Exercise materials Start Marker
(* Let $(E,X,Y)$, with $X=(X_1,\dots,X_d)$, be generated by a structural causal model whose graph is a DAG, whose distribution is faithful (and Markov) with respect to it, and in which $E$ is exogenous. Let $m<d$, define $S^m_{\mathrm{IAS}}:=\bigcup_{S\in\mathcal{MI},\,|S|\le m}S$, and let $m_{\min}$ and $m_{\max}$ be the size of a smallest and of a largest minimally invariant set, respectively. Then: (i) $S^m_{\mathrm{IAS}}\subseteq\mathrm{AN}_Y$; (ii) if $m\ge m_{\max}$, then $S^m_{\mathrm{IAS}}=S_{\mathrm{IAS}}$; (iii) if $m\ge m_{\min}$ and $E\notin\mathrm{PA}_Y$, then $S^m_{\mathrm{IAS}}\in\mathcal{I}$; (iv) if $m\ge m_{\min}$ and $E\notin\mathrm{PA}_Y$, then $S_{\mathrm{ICP}}\subseteq S^m_{\mathrm{IAS}}$, with equality if and only if $S_{\mathrm{ICP}}\in\mathcal{I}$.
   Context: $\mathrm{PA}_Y$ and $\mathrm{AN}_Y$ are the parents and ancestors of $Y$ in the DAG (indices $j\in[d]$ identified with $X_j$). $S\subseteq[d]$ is invariant if $Y\perp\!\!\!\perp E\mid X_S$; $\mathcal{I}$ is the collection of invariant sets; $S$ is minimally invariant if $S\in\mathcal{I}$ and no proper subset of $S$ is in $\mathcal{I}$; $\mathcal{MI}$ is the collection of minimally invariant sets. $S_{\mathrm{IAS}}=\bigcup_{S\in\mathcal{MI}}S$ and $S_{\mathrm{ICP}}=\bigcap_{S\in\mathcal{I}}S$ (with $S_{\mathrm{ICP}}=\emptyset$ if $\mathcal{I}=\emptyset$; unions over empty collections are $\emptyset$). *)

theory Defs
  imports Main
begin

datatype node = Env | Resp | Cov nat

definition nodes :: "nat \<Rightarrow> node set" where
  "nodes d = {Env, Resp} \<union> Cov ` {1..d}"

text \<open>A graph is an edge relation; G a b means a directed edge a -> b.\<close>
definition is_dag :: "nat \<Rightarrow> (node \<Rightarrow> node \<Rightarrow> bool) \<Rightarrow> bool" where
  "is_dag d G \<longleftrightarrow> (\<forall>a b. G a b \<longrightarrow> a \<in> nodes d \<and> b \<in> nodes d) \<and> (\<forall>v. \<not> G\<^sup>+\<^sup>+ v v)"

definition adj :: "(node \<Rightarrow> node \<Rightarrow> bool) \<Rightarrow> node \<Rightarrow> node \<Rightarrow> bool" where
  "adj G a b \<longleftrightarrow> G a b \<or> G b a"

definition is_path :: "nat \<Rightarrow> (node \<Rightarrow> node \<Rightarrow> bool) \<Rightarrow> node list \<Rightarrow> bool" where
  "is_path d G p \<longleftrightarrow> p \<noteq> [] \<and> distinct p \<and> set p \<subseteq> nodes d \<and>
     (\<forall>i. Suc i < length p \<longrightarrow> adj G (p ! i) (p ! Suc i))"

definition collider :: "(node \<Rightarrow> node \<Rightarrow> bool) \<Rightarrow> node list \<Rightarrow> nat \<Rightarrow> bool" where
  "collider G p i \<longleftrightarrow> G (p ! (i - 1)) (p ! i) \<and> G (p ! Suc i) (p ! i)"

definition d_connecting :: "(node \<Rightarrow> node \<Rightarrow> bool) \<Rightarrow> node list \<Rightarrow> node set \<Rightarrow> bool" where
  "d_connecting G p Z \<longleftrightarrow> (\<forall>i. 0 < i \<and> Suc i < length p \<longrightarrow>
     (if collider G p i then (\<exists>w. G\<^sup>*\<^sup>* (p ! i) w \<and> w \<in> Z) else p ! i \<notin> Z))"
lemma quot_dim_eq_card_standard:
  "quot_dim n (ideal_gen n (monomial ` E) :: 'k::field mpoly set) = card std"
  unfolding quot_dim_def
proof (rule the_equality)
  show "\<exists>B. quot_basis n (ideal_gen n (monomial ` E) :: 'k mpoly set) B \<and> card B = card std"
    using quot_basis_standard_monomials card_image[OF inj_on_subset[OF inj_monomial]] by blast
qed (use card_quot_basis in blast)

end

lemma bij_betw_restrict_lookup:
  assumes "finite A"
  shows "bij_betw (\<lambda>m. restrict (Poly_Mapping.lookup m) A)
           {m :: 'a \<Rightarrow>\<^sub>0 'b::zero. Poly_Mapping.keys m \<subseteq> A} (A \<rightarrow>\<^sub>E UNIV)"
proof -
  define extend :: "('a \<Rightarrow> 'b) \<Rightarrow> 'a \<Rightarrow>\<^sub>0 'b"
    where "extend f = Abs_poly_mapping (\<lambda>i. if i \<in> A then f i else 0)" for f
  have "finite {i. (if i \<in> A then f i else 0) \<noteq> 0}" for f :: "'a \<Rightarrow> 'b"
    by (rule finite_subset[OF _ assms]) auto
  hence lookup_extend: "Poly_Mapping.lookup (extend f) i = (if i \<in> A then f i else 0)" for f i
    by (simp add: extend_def)
  show ?thesis
  proof (rule bij_betw_byWitness[where f' = extend])
    show "\<forall>m\<in>{m. Poly_Mapping.keys m \<subseteq> A}. extend (restrict (Poly_Mapping.lookup m) A) = m"
      by (auto intro!: poly_mapping_eqI simp: lookup_extend in_keys_iff)
    show "\<forall>f\<in>A \<rightarrow>\<^sub>E UNIV. restrict (Poly_Mapping.lookup (extend f)) A = f"
      by (auto simp: lookup_extend PiE_iff extensional_def fun_eq_iff)
    show "extend ` (A \<rightarrow>\<^sub>E UNIV) \<subseteq> {m. Poly_Mapping.keys m \<subseteq> A}"
      by (auto simp: lookup_extend in_keys_iff)
  qed auto
qed

definition PiE_max_at_most_once :: "'a set \<Rightarrow> 'b::order \<Rightarrow> ('a \<Rightarrow> 'b) set" where
  "PiE_max_at_most_once A k = {f \<in> A \<rightarrow>\<^sub>E {..k}. \<forall>i\<in>A. \<forall>j\<in>A. f i = k \<longrightarrow> f j = k \<longrightarrow> i = j}"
Exercise materials End Marker
» **Your objective**: Scan the listing above for the word "lemma" and show each line where it is found.

» **Your response**:
lemma quot_dim_eq_card_standard:
lemma bij_betw_restrict_lookup:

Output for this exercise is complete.